As the nation prepares for the inauguration of its 45th president, environment-focused hearings for some of President-Elect Donald Trump’s cabinet nominees continue. They include hearings for Scott Pruitt, nominee to head the U.S. Environmental Protection Agency (EPA) and former Oklahoma attorney general, as well as Ryan Zinke, nominee for secretary of the interior and a former Navy Seal. Rick Perry, nominee for energy secretary and former governor of Texas, will have a hearing today.
The picks appear to follow Trump’s campaign promises to roll back EPA regulations and increase drilling on public lands. At his Tuesday hearing, Zinke said he would consider expansion of energy drilling and mining on federal lands but would ensure sensitive areas remain protected. A new Reuters/Ipsos poll suggests many Americans want the opposite. More than 60 percent of Americans would like to see the EPA’s powers preserved or strengthened and the drilling of oil on public lands to hold steady or drop.
Here is what Pruitt and Zinke had to say on top environmental topics:
On climate change:
Zinke: “First of all, the climate is changing, that’s undisputable,” Zinke said at his hearing, adding that he and his wife had seen evidence of glaciers retreating during a visit to Glacier National Park in Montana. “The second thing is man has had an influence. I think that’s undisputable as well. So, climate is changing, man is an influence. I think where there’s debate on it is what that influence is and what can we do about it.”
Pruitt: “Science tells us that the climate is changing and that human activity in some manner impacts that change. The ability to measure with precision the degree and extent of that impact and what to do about it are subject to continuing debate and dialogue, and well it should be … I do not believe climate change is a hoax.”
On energy:
Pruitt: “First, we must reject the false paradigm that if you are pro-energy, you are anti-environment and if you are pro-environment, you are anti-energy. I utterly reject the narrative.”
He said he would support the U.S. renewable fuels program, which requires biofuels like ethanol to be blended into gasoline, but said the program needed some tweaks.
Zinke: “The war on coal, I believe, is real. All-of-the-above is the correct (energy) policy. Coal is a great part of that energy mix. I’m also a great believer that we should invest in research and development on coal—because we know we have the asset—to make it cleaner and better. We should lead the world in clean energy technology.”
On environmental regulation:
Pruitt: “Environmental regulations should not occur in an economic vacuum. We can simultaneously pursue the mutual goals of environmental protection and economic growth,” he said, adding that he would seek to give states more authority to regulate their own environmental issues.
Zinke: “The president-elect has said we want to be energy independent. I can guarantee you it is better to produce energy domestically under reasonable regulation, than watch it be produced overseas with no regulation.”

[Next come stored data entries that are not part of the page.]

(* Let $0<r\le1$ and $0<\alpha\le\frac12$. Let $a:\mathbb{Z}^n\to\mathbb{C}$ satisfy $|a(\xi)|\le C\langle\xi\rangle^m$ for all $\xi\in\mathbb{Z}^n$. Assume $1<p_1\le2$, $q_1=(\alpha+\frac1{p_1'})^{-1}$, and $m<-\frac nr-\alpha n$. Then the Fourier multiplier $T_a$ is $r$-nuclear on $B^w_{p_1,q_1}(\mathbb{T}^n)$ for every $w\in\mathbb{R}$, and its nuclear trace is $\mathrm{Tr}(T_a)=\sum_{\xi\in\mathbb{Z}^n}a(\xi)$.
   Context: $\widehat f(\xi)=\int_{\mathbb{T}^n}e^{-i2\pi x\cdot\xi}f(x)dx$, $\langle\xi\rangle=(1+|\xi|^2)^{1/2}$. $T_au(x)=\sum_{\xi\in\mathbb{Z}^n}e^{i2\pi x\cdot\xi}a(\xi)\widehat u(\xi)$. Periodic Besov spaces: $\|f\|_{B^w_{p,q}}=\big(\sum_{m\ge0}2^{mwq}\|\sum_{2^m\le|\xi|<2^{m+1}}e^{i2\pi x\cdot\xi}\widehat f(\xi)\|^q_{L^p(\mathbb{T}^n)}\big)^{1/q}$. $p'$ is the conjugate exponent. $T:E\to E$ is $r$-nuclear if $T=\sum_ne'_n(\cdot)y_n$ with $\sum_n\|e'_n\|^r_{E'}\|y_n\|^r_E<\infty$; on a space with the approximation property its nuclear trace is $\sum_ne'_n(y_n)$. *)

theory Defs
  imports "HOL-Analysis.Analysis"
begin

text \<open>Lattice points xi in Z^n are modelled as int^'n (n = CARD('n)); points of the
torus T^n are represented by the unit cube [0,1]^n in real^'n.  A (periodic) distribution
is identified with its Fourier coefficient function  int^'n => complex.\<close>

definition zabs :: "int^'n \<Rightarrow> real" where
  "zabs \<xi> = sqrt (\<Sum>i\<in>UNIV. (real_of_int (\<xi>$i))\<^sup>2)"

definition jbr :: "int^'n \<Rightarrow> real" where
  "jbr \<xi> = sqrt (1 + (zabs \<xi>)\<^sup>2)"

definition zdot :: "real^'n \<Rightarrow> int^'n \<Rightarrow> real" where
  "zdot x \<xi> = (\<Sum>i\<in>UNIV. x$i * real_of_int (\<xi>$i))"

definition unit_cube :: "(real^'n) set" where
  "unit_cube = {x. \<forall>i. 0 \<le> x$i \<and> x$i \<le> 1}"

definition shell :: "nat \<Rightarrow> (int^'n) set" where
  "shell k = {\<xi>. (if k = 0 then True else 2 ^ k \<le> zabs \<xi>) \<and> zabs \<xi> < 2 ^ (k + 1)}"

definition block :: "(int^'n \<Rightarrow> complex) \<Rightarrow> nat \<Rightarrow> real^'n \<Rightarrow> complex" where
  "block f k x = (\<Sum>\<xi>\<in>shell k. exp (\<i> * complex_of_real (2 * pi * zdot x \<xi>)) * f \<xi>)"

definition Lp_norm_torus :: "real \<Rightarrow> (real^'n \<Rightarrow> complex) \<Rightarrow> real" where
  "Lp_norm_torus p g = (integral unit_cube (\<lambda>x. norm (g x) powr p)) powr (1 / p)"

definition besov_term :: "real \<Rightarrow> real \<Rightarrow> real \<Rightarrow> (int^'n \<Rightarrow> complex) \<Rightarrow> nat \<Rightarrow> real" where
  "besov_term w p q f k = (2 powr (real k * w * q)) * (Lp_norm_torus p (block f k)) powr q"

definition besov_space :: "real \<Rightarrow> real \<Rightarrow> real \<Rightarrow> (int^'n \<Rightarrow> complex) set" where
  "besov_space w p q = {f. summable (besov_term w p q f)}"

definition besov_norm :: "real \<Rightarrow> real \<Rightarrow> real \<Rightarrow> (int^'n \<Rightarrow> complex) \<Rightarrow> real" where
  "besov_norm w p q f = (suminf (besov_term w p q f)) powr (1 / q)"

Reports: Climate Change A Risk; Responsible for Record Warming
The issue of climate change is not one to ignore, according to recent reports on global risks by the World Economic Forum (WEF) and global temperature by the National Oceanic and Atmospheric Administration (NOAA), NASA and the U.K.’s Met Office.

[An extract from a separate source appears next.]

(* Let $X,Y$ be real Banach spaces and let $f\in C^1(X;Y)$. Assume: (i) $f'(x)\in \mathrm{Isom}(X;Y)$ for every $x\in X$; (ii) $\sup_{\|x\|\le r}\|f'(x)^{-1}\|<+\infty$ for every $r$ with $0<r<+\infty$; (iii) there exist a point $x_0\in X$ and a locally Lipschitz continuous coercive function $k:X\to\mathbb{R}_+$ which admits all right directional derivatives $D^+_v k(x)$ ($x,v\in X$), such that $$\sup\bigl\{D^+_v k(x) : v=-f'(x)^{-1}(f(x)-f(x_0)),\ x\in X\bigr\}<+\infty.$$ Then $f$ is a global diffeomorphism $X\to f(X)$ (in particular $f$ is injective). Moreover, the range $f(X)$ is star shaped around $f(x_0)$: if $y\in f(X)$ and $s\in[0,1]$, then $f(x_0)+s(y-f(x_0))\in f(X)$. When $k\in C^1$, condition (iii) reads $$\sup_{x\in X}\bigl(-k'(x)f'(x)^{-1}(f(x)-f(x_0))\bigr)<+\infty.$$
   Context: $\mathrm{Isom}(X;Y)$ denotes the set of bounded linear isomorphisms (with bounded inverse) from $X$ onto $Y$. $\mathbb{R}_+=[0,+\infty)$. A function $k:X\to\mathbb{R}_+$ is called coercive if it is continuous and $k(x)\to+\infty$ as $\|x\|\to+\infty$. The right directional derivative is $D^+_v k(x):=\lim_{s\to 0^+}\frac{k(x+sv)-k(x)}{s}$, assumed to exist for all $x,v\in X$. *)

theory Defs
  imports "HOL-Analysis.Analysis"
begin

In the WEF’s annual report, which is based on an assessment of 30 global risks by 750 experts from business, academia and non-governmental organizations, climate change was labeled the third major global trend. Failing to adapt to or mitigate climate change and a host of other climate-connected risks, including water and food crises and involuntary migration, also rank in the top 10.
In its annual State of the Climate report, NOAA found that global temperatures are the highest since scientists started tracking them in 1880. NASA and the U.K.’s Met Office came to the same conclusion.
“The NOAA and NASA are two keepers of the world’s temperature data and independently produce a record of Earth’s surface temperatures, as well as changes based on historical observations over ocean and land,” NOAA officials said in a statement. “Consistency between the two independent analyses, as well as analyses produced by other countries, increases confidence in the accuracy of such data, the assessment of the data and resulting conclusions.”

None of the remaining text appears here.